From the entries below, return only the lines starting at the one that contains "theory Submission" and ending at the one that contains "by (simp add: less_Suc_eq", exactly as they stand.

***

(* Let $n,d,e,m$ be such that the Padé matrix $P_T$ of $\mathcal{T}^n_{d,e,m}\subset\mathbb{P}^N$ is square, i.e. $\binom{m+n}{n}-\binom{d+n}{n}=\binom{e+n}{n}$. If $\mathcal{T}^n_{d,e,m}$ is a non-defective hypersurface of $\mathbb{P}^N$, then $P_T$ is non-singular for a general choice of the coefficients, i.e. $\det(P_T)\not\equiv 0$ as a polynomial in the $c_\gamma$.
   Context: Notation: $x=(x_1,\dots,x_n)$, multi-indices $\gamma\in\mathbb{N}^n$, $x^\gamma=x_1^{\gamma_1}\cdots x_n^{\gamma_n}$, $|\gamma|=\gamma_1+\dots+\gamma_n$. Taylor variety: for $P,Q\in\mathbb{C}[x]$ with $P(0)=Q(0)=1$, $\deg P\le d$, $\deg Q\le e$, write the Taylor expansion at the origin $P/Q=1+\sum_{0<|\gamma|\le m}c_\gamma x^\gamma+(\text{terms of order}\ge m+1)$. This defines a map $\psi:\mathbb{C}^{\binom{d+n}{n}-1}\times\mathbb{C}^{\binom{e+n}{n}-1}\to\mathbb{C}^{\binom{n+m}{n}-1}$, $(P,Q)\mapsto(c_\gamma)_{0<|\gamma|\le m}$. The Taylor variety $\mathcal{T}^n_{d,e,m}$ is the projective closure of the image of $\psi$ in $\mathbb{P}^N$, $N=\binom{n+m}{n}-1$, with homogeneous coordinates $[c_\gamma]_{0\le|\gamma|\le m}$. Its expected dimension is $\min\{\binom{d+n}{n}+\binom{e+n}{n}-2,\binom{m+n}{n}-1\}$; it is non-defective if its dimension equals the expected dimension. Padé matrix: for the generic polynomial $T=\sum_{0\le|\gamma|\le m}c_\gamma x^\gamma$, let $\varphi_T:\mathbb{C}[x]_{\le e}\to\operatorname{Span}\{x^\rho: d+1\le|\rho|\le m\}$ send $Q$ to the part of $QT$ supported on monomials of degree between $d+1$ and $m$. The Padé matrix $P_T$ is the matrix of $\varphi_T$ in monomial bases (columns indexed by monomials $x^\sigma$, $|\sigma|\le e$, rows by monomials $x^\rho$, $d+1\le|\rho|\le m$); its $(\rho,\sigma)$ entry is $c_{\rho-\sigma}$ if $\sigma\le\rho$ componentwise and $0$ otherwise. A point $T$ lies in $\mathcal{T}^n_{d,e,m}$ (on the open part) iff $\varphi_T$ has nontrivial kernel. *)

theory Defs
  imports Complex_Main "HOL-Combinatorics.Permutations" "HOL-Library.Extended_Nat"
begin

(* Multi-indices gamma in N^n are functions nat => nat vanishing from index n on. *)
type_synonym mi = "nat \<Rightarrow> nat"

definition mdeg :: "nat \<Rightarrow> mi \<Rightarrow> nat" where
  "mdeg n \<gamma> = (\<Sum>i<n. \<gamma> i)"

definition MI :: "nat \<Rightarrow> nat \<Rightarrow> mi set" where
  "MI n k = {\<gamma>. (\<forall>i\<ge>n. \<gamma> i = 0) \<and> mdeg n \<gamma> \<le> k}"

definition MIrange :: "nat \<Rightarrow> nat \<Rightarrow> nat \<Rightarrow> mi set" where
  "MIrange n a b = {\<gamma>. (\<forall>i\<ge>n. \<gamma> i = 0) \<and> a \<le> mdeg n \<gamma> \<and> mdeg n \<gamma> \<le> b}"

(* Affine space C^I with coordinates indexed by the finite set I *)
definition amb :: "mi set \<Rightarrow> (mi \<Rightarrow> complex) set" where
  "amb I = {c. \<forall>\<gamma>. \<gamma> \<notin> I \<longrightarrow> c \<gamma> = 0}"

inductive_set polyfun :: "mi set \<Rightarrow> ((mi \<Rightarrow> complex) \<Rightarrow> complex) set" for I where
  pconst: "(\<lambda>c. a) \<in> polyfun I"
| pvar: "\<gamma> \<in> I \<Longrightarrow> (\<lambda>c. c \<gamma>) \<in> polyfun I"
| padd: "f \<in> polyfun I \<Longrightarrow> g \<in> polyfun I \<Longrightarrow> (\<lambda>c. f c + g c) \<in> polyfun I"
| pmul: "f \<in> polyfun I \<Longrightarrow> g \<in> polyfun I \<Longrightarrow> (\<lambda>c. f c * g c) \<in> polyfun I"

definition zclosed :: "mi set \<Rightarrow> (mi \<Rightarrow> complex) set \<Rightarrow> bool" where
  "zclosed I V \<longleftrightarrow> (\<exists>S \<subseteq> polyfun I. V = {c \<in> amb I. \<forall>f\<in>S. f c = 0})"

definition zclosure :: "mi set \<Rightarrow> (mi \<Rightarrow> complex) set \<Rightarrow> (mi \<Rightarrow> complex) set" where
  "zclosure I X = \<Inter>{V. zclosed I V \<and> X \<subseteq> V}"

***

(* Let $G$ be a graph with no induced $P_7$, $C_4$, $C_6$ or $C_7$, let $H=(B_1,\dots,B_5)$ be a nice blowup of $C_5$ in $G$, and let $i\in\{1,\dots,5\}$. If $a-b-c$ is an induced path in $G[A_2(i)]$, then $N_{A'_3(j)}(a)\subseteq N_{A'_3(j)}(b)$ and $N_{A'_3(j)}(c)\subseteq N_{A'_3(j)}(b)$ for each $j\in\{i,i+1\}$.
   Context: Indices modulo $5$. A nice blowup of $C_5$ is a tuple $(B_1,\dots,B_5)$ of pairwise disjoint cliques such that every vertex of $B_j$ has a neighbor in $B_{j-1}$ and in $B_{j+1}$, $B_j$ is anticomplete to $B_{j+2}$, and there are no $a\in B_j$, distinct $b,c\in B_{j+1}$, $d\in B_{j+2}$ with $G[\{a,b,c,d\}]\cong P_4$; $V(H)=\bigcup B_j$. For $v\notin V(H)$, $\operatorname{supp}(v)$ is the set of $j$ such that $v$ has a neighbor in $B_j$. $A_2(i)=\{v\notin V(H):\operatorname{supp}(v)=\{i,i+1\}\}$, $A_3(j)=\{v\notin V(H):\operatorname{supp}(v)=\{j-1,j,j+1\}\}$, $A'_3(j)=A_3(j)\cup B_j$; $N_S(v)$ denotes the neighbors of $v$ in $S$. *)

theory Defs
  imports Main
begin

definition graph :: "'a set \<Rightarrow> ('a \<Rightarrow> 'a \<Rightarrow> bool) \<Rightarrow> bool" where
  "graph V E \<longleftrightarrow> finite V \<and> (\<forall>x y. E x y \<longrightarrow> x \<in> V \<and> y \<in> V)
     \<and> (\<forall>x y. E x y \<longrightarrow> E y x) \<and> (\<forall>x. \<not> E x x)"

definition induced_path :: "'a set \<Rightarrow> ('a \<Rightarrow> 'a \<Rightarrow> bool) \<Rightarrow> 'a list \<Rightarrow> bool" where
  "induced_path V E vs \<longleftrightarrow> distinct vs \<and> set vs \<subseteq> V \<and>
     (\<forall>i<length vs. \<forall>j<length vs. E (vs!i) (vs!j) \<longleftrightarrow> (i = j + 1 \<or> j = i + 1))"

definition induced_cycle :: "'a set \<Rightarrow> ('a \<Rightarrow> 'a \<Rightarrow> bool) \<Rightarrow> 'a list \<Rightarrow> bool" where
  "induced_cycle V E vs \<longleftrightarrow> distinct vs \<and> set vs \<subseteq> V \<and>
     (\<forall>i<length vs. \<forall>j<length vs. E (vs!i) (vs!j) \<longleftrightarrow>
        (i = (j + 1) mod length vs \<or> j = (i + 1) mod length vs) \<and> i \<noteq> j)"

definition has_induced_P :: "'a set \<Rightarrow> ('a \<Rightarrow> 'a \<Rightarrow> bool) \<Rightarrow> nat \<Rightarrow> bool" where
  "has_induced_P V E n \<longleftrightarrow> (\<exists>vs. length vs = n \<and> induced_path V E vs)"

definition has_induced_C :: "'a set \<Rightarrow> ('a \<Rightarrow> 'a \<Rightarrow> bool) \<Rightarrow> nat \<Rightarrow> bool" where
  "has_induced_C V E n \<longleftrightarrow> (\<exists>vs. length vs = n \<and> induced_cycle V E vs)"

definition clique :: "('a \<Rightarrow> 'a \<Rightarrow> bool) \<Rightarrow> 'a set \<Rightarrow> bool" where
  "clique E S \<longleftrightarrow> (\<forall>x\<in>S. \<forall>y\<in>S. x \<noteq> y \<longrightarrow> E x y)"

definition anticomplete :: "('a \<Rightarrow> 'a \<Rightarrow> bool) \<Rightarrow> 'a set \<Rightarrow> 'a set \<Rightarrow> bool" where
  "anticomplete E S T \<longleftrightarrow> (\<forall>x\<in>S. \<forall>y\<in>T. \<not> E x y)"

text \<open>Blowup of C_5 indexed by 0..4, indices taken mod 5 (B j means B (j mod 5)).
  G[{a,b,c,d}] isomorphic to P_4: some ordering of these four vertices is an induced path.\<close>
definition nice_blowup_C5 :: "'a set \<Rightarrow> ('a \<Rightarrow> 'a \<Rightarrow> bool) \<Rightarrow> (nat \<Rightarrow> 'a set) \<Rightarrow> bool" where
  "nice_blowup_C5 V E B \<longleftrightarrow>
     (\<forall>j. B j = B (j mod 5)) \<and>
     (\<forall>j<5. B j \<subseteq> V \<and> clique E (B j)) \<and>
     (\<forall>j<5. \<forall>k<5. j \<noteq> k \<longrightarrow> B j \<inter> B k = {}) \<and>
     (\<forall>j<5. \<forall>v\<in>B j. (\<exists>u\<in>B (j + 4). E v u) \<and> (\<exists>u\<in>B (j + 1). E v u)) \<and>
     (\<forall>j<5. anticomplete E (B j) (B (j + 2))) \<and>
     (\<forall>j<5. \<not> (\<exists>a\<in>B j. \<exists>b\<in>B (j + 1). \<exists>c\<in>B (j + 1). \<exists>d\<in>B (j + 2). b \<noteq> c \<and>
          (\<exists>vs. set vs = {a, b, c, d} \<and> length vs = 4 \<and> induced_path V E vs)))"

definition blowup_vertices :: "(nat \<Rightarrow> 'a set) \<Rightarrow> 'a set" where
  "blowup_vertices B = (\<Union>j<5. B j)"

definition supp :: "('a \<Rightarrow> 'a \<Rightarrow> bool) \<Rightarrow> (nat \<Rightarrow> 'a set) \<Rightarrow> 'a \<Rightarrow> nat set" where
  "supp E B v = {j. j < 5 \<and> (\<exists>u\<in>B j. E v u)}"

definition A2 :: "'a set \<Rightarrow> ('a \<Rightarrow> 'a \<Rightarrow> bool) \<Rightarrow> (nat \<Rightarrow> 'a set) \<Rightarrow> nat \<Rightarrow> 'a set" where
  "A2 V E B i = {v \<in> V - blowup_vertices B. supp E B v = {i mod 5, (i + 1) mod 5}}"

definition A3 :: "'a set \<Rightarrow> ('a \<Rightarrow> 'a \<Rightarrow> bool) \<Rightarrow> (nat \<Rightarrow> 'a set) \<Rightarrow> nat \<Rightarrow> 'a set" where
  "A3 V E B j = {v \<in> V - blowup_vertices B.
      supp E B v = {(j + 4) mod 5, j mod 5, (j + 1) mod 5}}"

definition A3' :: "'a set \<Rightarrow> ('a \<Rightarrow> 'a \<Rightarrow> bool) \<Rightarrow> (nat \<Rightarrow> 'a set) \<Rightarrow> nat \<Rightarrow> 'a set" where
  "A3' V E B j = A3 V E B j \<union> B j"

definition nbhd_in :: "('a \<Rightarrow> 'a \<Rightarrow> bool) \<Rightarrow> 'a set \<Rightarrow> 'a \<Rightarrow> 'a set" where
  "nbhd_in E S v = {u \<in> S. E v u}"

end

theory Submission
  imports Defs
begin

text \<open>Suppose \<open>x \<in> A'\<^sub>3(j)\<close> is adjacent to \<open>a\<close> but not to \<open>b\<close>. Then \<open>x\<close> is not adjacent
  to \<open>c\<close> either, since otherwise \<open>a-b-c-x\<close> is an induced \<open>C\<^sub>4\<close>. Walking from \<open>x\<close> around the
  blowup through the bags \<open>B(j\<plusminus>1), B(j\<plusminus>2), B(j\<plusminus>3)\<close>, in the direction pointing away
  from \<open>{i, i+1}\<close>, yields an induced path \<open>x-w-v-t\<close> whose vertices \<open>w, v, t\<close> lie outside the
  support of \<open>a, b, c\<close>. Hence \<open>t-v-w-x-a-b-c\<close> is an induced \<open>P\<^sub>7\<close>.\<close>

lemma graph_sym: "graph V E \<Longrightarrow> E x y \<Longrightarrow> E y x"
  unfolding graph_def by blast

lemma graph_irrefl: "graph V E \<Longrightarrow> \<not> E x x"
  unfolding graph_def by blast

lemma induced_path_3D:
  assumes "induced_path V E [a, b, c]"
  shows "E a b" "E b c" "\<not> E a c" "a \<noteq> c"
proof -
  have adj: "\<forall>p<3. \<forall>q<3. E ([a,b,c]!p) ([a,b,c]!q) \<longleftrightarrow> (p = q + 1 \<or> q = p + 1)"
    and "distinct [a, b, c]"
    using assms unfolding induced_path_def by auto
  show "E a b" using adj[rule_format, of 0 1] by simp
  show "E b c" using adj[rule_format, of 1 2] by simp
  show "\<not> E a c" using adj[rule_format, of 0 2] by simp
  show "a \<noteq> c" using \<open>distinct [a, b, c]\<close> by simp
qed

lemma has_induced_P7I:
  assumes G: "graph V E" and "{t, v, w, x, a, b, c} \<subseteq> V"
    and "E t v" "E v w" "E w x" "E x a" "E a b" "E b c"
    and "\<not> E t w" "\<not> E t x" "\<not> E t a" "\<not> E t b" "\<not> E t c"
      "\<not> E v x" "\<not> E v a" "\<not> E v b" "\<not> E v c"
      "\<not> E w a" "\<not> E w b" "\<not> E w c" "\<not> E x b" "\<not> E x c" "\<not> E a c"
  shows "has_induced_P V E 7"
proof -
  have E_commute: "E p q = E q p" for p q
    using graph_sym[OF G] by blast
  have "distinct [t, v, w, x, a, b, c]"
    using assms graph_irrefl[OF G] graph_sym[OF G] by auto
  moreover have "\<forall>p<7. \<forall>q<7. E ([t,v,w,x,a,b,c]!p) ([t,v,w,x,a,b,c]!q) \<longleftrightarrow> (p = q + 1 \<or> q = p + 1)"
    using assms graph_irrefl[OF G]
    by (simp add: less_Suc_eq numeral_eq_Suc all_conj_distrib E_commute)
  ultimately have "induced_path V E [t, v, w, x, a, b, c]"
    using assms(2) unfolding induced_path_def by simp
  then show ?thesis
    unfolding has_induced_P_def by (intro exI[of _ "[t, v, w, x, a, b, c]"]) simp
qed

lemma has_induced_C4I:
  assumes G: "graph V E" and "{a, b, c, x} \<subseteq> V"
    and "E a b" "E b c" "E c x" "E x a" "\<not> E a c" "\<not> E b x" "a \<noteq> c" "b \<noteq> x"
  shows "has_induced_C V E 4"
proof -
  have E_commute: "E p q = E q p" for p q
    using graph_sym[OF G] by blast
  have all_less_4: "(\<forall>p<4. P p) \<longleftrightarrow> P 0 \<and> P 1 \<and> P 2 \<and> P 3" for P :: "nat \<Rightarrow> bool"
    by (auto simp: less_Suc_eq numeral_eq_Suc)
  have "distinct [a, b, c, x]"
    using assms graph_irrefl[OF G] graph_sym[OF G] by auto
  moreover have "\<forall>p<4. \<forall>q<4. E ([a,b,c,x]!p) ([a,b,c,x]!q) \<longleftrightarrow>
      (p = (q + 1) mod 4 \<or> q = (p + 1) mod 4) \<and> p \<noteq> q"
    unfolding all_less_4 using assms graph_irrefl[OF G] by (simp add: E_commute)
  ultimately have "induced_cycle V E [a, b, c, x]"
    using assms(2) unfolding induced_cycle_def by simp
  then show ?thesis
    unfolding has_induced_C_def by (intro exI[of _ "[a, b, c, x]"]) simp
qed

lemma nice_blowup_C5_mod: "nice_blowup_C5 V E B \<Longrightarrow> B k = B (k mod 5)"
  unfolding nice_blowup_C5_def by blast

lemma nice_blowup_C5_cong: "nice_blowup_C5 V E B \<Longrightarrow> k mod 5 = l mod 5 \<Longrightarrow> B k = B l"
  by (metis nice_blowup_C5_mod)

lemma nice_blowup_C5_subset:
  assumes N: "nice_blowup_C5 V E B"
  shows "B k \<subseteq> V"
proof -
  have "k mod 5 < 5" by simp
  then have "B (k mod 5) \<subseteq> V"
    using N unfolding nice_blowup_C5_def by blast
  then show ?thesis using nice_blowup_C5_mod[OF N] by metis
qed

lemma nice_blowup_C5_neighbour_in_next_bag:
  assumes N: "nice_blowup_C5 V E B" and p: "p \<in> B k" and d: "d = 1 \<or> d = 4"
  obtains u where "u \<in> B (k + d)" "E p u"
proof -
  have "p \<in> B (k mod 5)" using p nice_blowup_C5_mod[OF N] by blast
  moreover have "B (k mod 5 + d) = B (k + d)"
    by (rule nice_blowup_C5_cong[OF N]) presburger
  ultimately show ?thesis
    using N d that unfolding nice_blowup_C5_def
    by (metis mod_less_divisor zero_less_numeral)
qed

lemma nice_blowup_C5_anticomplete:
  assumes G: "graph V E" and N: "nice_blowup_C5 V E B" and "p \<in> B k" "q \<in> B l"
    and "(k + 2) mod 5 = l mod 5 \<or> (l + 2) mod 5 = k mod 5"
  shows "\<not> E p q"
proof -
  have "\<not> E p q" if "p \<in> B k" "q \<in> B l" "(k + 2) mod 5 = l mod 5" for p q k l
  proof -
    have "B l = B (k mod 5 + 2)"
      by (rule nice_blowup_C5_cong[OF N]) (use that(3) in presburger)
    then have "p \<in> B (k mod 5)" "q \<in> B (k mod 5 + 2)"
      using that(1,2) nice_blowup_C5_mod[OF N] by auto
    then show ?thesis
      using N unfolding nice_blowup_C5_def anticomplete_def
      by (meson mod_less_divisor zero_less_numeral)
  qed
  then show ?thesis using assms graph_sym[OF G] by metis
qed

***

◆ Result of the exercise ◆
theory Submission
  imports Defs
begin

text \<open>Suppose \<open>x \<in> A'\<^sub>3(j)\<close> is adjacent to \<open>a\<close> but not to \<open>b\<close>. Then \<open>x\<close> is not adjacent
  to \<open>c\<close> either, since otherwise \<open>a-b-c-x\<close> is an induced \<open>C\<^sub>4\<close>. Walking from \<open>x\<close> around the
  blowup through the bags \<open>B(j\<plusminus>1), B(j\<plusminus>2), B(j\<plusminus>3)\<close>, in the direction pointing away
  from \<open>{i, i+1}\<close>, yields an induced path \<open>x-w-v-t\<close> whose vertices \<open>w, v, t\<close> lie outside the
  support of \<open>a, b, c\<close>. Hence \<open>t-v-w-x-a-b-c\<close> is an induced \<open>P\<^sub>7\<close>.\<close>

lemma graph_sym: "graph V E \<Longrightarrow> E x y \<Longrightarrow> E y x"
  unfolding graph_def by blast

lemma graph_irrefl: "graph V E \<Longrightarrow> \<not> E x x"
  unfolding graph_def by blast

lemma induced_path_3D:
  assumes "induced_path V E [a, b, c]"
  shows "E a b" "E b c" "\<not> E a c" "a \<noteq> c"
proof -
  have adj: "\<forall>p<3. \<forall>q<3. E ([a,b,c]!p) ([a,b,c]!q) \<longleftrightarrow> (p = q + 1 \<or> q = p + 1)"
    and "distinct [a, b, c]"
    using assms unfolding induced_path_def by auto
  show "E a b" using adj[rule_format, of 0 1] by simp
  show "E b c" using adj[rule_format, of 1 2] by simp
  show "\<not> E a c" using adj[rule_format, of 0 2] by simp
  show "a \<noteq> c" using \<open>distinct [a, b, c]\<close> by simp
qed

lemma has_induced_P7I:
  assumes G: "graph V E" and "{t, v, w, x, a, b, c} \<subseteq> V"
    and "E t v" "E v w" "E w x" "E x a" "E a b" "E b c"
    and "\<not> E t w" "\<not> E t x" "\<not> E t a" "\<not> E t b" "\<not> E t c"
      "\<not> E v x" "\<not> E v a" "\<not> E v b" "\<not> E v c"
      "\<not> E w a" "\<not> E w b" "\<not> E w c" "\<not> E x b" "\<not> E x c" "\<not> E a c"
  shows "has_induced_P V E 7"
proof -
  have E_commute: "E p q = E q p" for p q
    using graph_sym[OF G] by blast
  have "distinct [t, v, w, x, a, b, c]"
    using assms graph_irrefl[OF G] graph_sym[OF G] by auto
  moreover have "\<forall>p<7. \<forall>q<7. E ([t,v,w,x,a,b,c]!p) ([t,v,w,x,a,b,c]!q) \<longleftrightarrow> (p = q + 1 \<or> q = p + 1)"
    using assms graph_irrefl[OF G]
    by (simp add: less_Suc_eq numeral_eq_Suc all_conj_distrib E_commute)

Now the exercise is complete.